SHEFFIELD (Júlio Chitunda's African Message) - The annual Nike Hoop Summit is back, and 20 young players have been summoned to join the match-up's legacy on Saturday 20 April.
This time, however, not a single Africa-born player will take part in the showpiece, unlike 2005 when three of them combined for 13 points in a 106-98 defeat in Memphis, Tennessee.
The game between the USA and a World Team is designed for players aged 19 or younger and will be played at the Rose Garden Arena in Portland, Oregon.
Since the game was first played in 1995, some African players attracted the attention of several professional clubs worldwide while others went unnoticed.
The question now is, as the event nears almost two decades, what is legacy of the Nike Hoop Summit for Africa-born players?
It has been a major opportunity I would say.
First, these young players are exposed to a worldwide audience eager to see the next NBA star evolve.
Second, matching up against prospect basketball stars is a chance that few might experience in their lifetime.
And third, most players take this international experience to their national teams, no matter how well they do in the showpiece game.
The event does not change players' lives overnight but it does encourage them to move up the basketball ladder.
Since the beginning of the Nike Hoop Summit, 15 Africa-born players have appeared in the game, and six have made it to the NBA.
However, very few have played more than three NBA seasons as they end up taking their professional careers elsewhere.

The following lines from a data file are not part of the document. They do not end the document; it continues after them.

(* Let $1\le T$ and $n\ge1$. Let $f_1,\dots,f_T\in\mathbb{R}^n$ be fixed vectors, $F=[f_1,\dots,f_T]\in\mathbb{R}^{n\times T}$, and let $\Lambda=(\lambda_{st})$, $\Gamma=(\gamma_{st})$ be strictly upper triangular $T\times T$ matrices. Let $A\sim\mathsf{GOE}(n)$ and define $x_t=Af_t+\sum_{s<t}\lambda_{st}x_s$ for $t\in[T]$. Let $\Sigma$ be a $T\times T$ positive semidefinite matrix, $(w_t)_{t\in[T]}$ a mean-zero Gaussian process in $\mathbb{R}^n$ with $\operatorname{cov}(w_s,w_t)=\Sigma_{st}\mathrm{I}_n$, and $y_t=\sum_{s<t}\gamma_{st}y_s+w_t$. Then for all $t\in[T]$, $$W_2^2\big(\mathcal L(x_t),\mathcal L(y_t)\big)=\tfrac{n-1}{n}(\sqrt2-1)^2\alpha_t^2+n\Big(\big(1+\tfrac{\sqrt2-1}{n}\big)\alpha_t-\beta_t\Big)^2,$$ where $$\alpha_t=\sqrt{\big[(\mathrm{I}-\Lambda)^{-\top}\tfrac1nF^\top F(\mathrm{I}-\Lambda)^{-1}\big]_{tt}},\qquad \beta_t=\sqrt{\big[(\mathrm{I}-\Gamma)^{-\top}\Sigma(\mathrm{I}-\Gamma)^{-1}\big]_{tt}}.$$
   Context: $\mathsf{GOE}(n)$ denotes the law of a symmetric $n\times n$ random matrix with independent $\mathsf{N}(0,2/n)$ diagonal entries and independent $\mathsf{N}(0,1/n)$ entries below the diagonal. $\mathcal L(\cdot)$ denotes the law of a random vector. The quadratic Wasserstein distance between square-integrable probability measures $\mu,\nu$ on $\mathbb{R}^d$ is $W_2(\mu,\nu)=\big(\inf_{\pi\in\Pi(\mu,\nu)}\int\|u-v\|^2\,d\pi(u,v)\big)^{1/2}$, where $\Pi(\mu,\nu)$ is the set of couplings of $\mu$ and $\nu$. *)

theory Defs
  imports "HOL-Probability.Probability"
begin

definition normal_rv :: "'w measure \<Rightarrow> ('w \<Rightarrow> real) \<Rightarrow> real \<Rightarrow> real \<Rightarrow> bool" where
  "normal_rv M Z m v \<longleftrightarrow>
     (if v = 0 then Z \<in> borel_measurable M \<and> (AE \<omega> in M. Z \<omega> = m)
      else 0 < v \<and> distributed M lborel Z (normal_density m (sqrt v)))"

text \<open>Row i, column j of a matrix B is B $ i $ j.\<close>
definition is_GOE :: "'w measure \<Rightarrow> ('w \<Rightarrow> real^('n::{finite,linorder})^('n::{finite,linorder})) \<Rightarrow> bool" where
  "is_GOE M A \<longleftrightarrow>
     A \<in> borel_measurable M \<and>
     (\<forall>\<omega>\<in>space M. \<forall>i j. A \<omega> $ i $ j = A \<omega> $ j $ i) \<and>
     prob_space.indep_vars M (\<lambda>_. borel) (\<lambda>(i,j) \<omega>. A \<omega> $ i $ j) {(i,j). j \<le> i} \<and>
     (\<forall>i. distributed M lborel (\<lambda>\<omega>. A \<omega> $ i $ i) (normal_density 0 (sqrt (2 / real CARD('n))))) \<and>
     (\<forall>i j. j < i \<longrightarrow> distributed M lborel (\<lambda>\<omega>. A \<omega> $ i $ j) (normal_density 0 (sqrt (1 / real CARD('n)))))"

On the other hand, both Germany's Dirk Nowitzki (1998) and France's Tony Parker (2000) who represented the world team have become NBA stars.

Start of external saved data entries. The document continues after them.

theorem mainTheorem6:
  fixes A As V Vs :: "seq \<Rightarrow> real" and W :: "seq \<Rightarrow> seq \<Rightarrow> real"
    and M :: "seq set" and x wx :: seq
  assumes A_holder: "holder A"
    and W_cont: "cont_seq2 W"
    and kernel: "\<And>w y. As w = A (tau w y) + W (shift w) (tau w y) - W w y"
    and mA: "mval A = 0" and mAs: "mval As = 0"
    and V_cal: "calibrated_subaction A V" and V_cont: "cont_seq V"
    and Vs_cal: "calibrated_subaction As Vs" and Vs_cont: "cont_seq Vs"
    and V_sup: "\<And>y. ereal (V y) = (SUP w. ereal (W w y - Vs w) - I_star Vs As w)"
    and unique_max: "\<exists>!\<mu>. maximizing As \<mu>"
    and M_orbit: "periodic_orbit M"
    and M_supp: "\<And>\<mu>. maximizing As \<mu> \<Longrightarrow> emeasure \<mu> M = 1"
    and good: "\<And>w. w \<notin> M \<Longrightarrow> shift w \<in> M \<Longrightarrow> R_star Vs As w > 0"
    and opt: "optimal_pair V Vs As W x wx"
  shows "(\<exists>k. (shift ^^ k) wx \<in> M) \<and>
         (\<forall>k. (shift ^^ k) wx \<in> M \<longrightarrow>
              optimal_pair V Vs As W (fst ((hatTinv ^^ k) (x, wx))) (snd ((hatTinv ^^ k) (x, wx))))"
proof
  show "\<forall>k. (shift ^^ k) wx \<in> M \<longrightarrow>
      optimal_pair V Vs As W (fst ((hatTinv ^^ k) (x, wx))) (snd ((hatTinv ^^ k) (x, wx)))"
    using optimal_pair_hatTinv_funpow[OF Vs_cal V_cal kernel V_sup opt] by blast
  obtain p n where "0 < n" "(shift ^^ n) p = p" "M = {(shift ^^ i) p | i. i < n}"
    using M_orbit unfolding periodic_orbit_def by blast
  then interpret shift_cycle M p n
    by unfold_locales
  show "\<exists>k. (shift ^^ k) wx \<in> M"
  proof (rule orbit_reaches_cycle[OF Vs_cal _ _ mAs M_supp])
    show "cyl_continuous Vs" by (rule cont_seq_imp_cyl_continuous[OF Vs_cont])
    show "cyl_continuous As" by (rule cyl_continuous_dual_potential[OF W_cont kernel])
    show "0 < R_star Vs As z" if "z \<in> entrances" for z
      using good that by (simp add: entrances_def)
    show "(\<lambda>j. R_star Vs As ((shift ^^ j) wx)) \<longlonglongrightarrow> 0"
      using R_star_orbit_sums[OF Vs_cal optimal_pair_I_star[OF opt]]
      by (simp add: sums_summable summable_LIMSEQ_zero)
  qed
qed

end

Let me share with you how some Africans did in past Nike Hoop Summit games.
Angola's Rui Guimaraes was the first African player to feature in the game in 1995.
The world team lost 86-77; Guimaraes spent five minutes on floor, and he had a chance to square off against Kevin Garnett (Boston Celtics), Antawn Jamison (LA Lakers) and 2004 Olympics bronze medallist Stephon Marbury.
Two months later, Guimaraes was selected to represent his country at the FIBA World Championship for Junior Men held in Greece.
Ruben Boumtje-Boumtje is the only Cameroonian to have played in the Nike Hoop Summit. He had 6 points and 3 rebounds in 19 minutes of play during the 1997 edition of the game, which the world team lost 97-90. He went on to enter the NBA draft four years later, selected with the 49th pick by the Portland Trail Blazers.
After three NBA seasons, Boumtje-Boumtje moved to Europe.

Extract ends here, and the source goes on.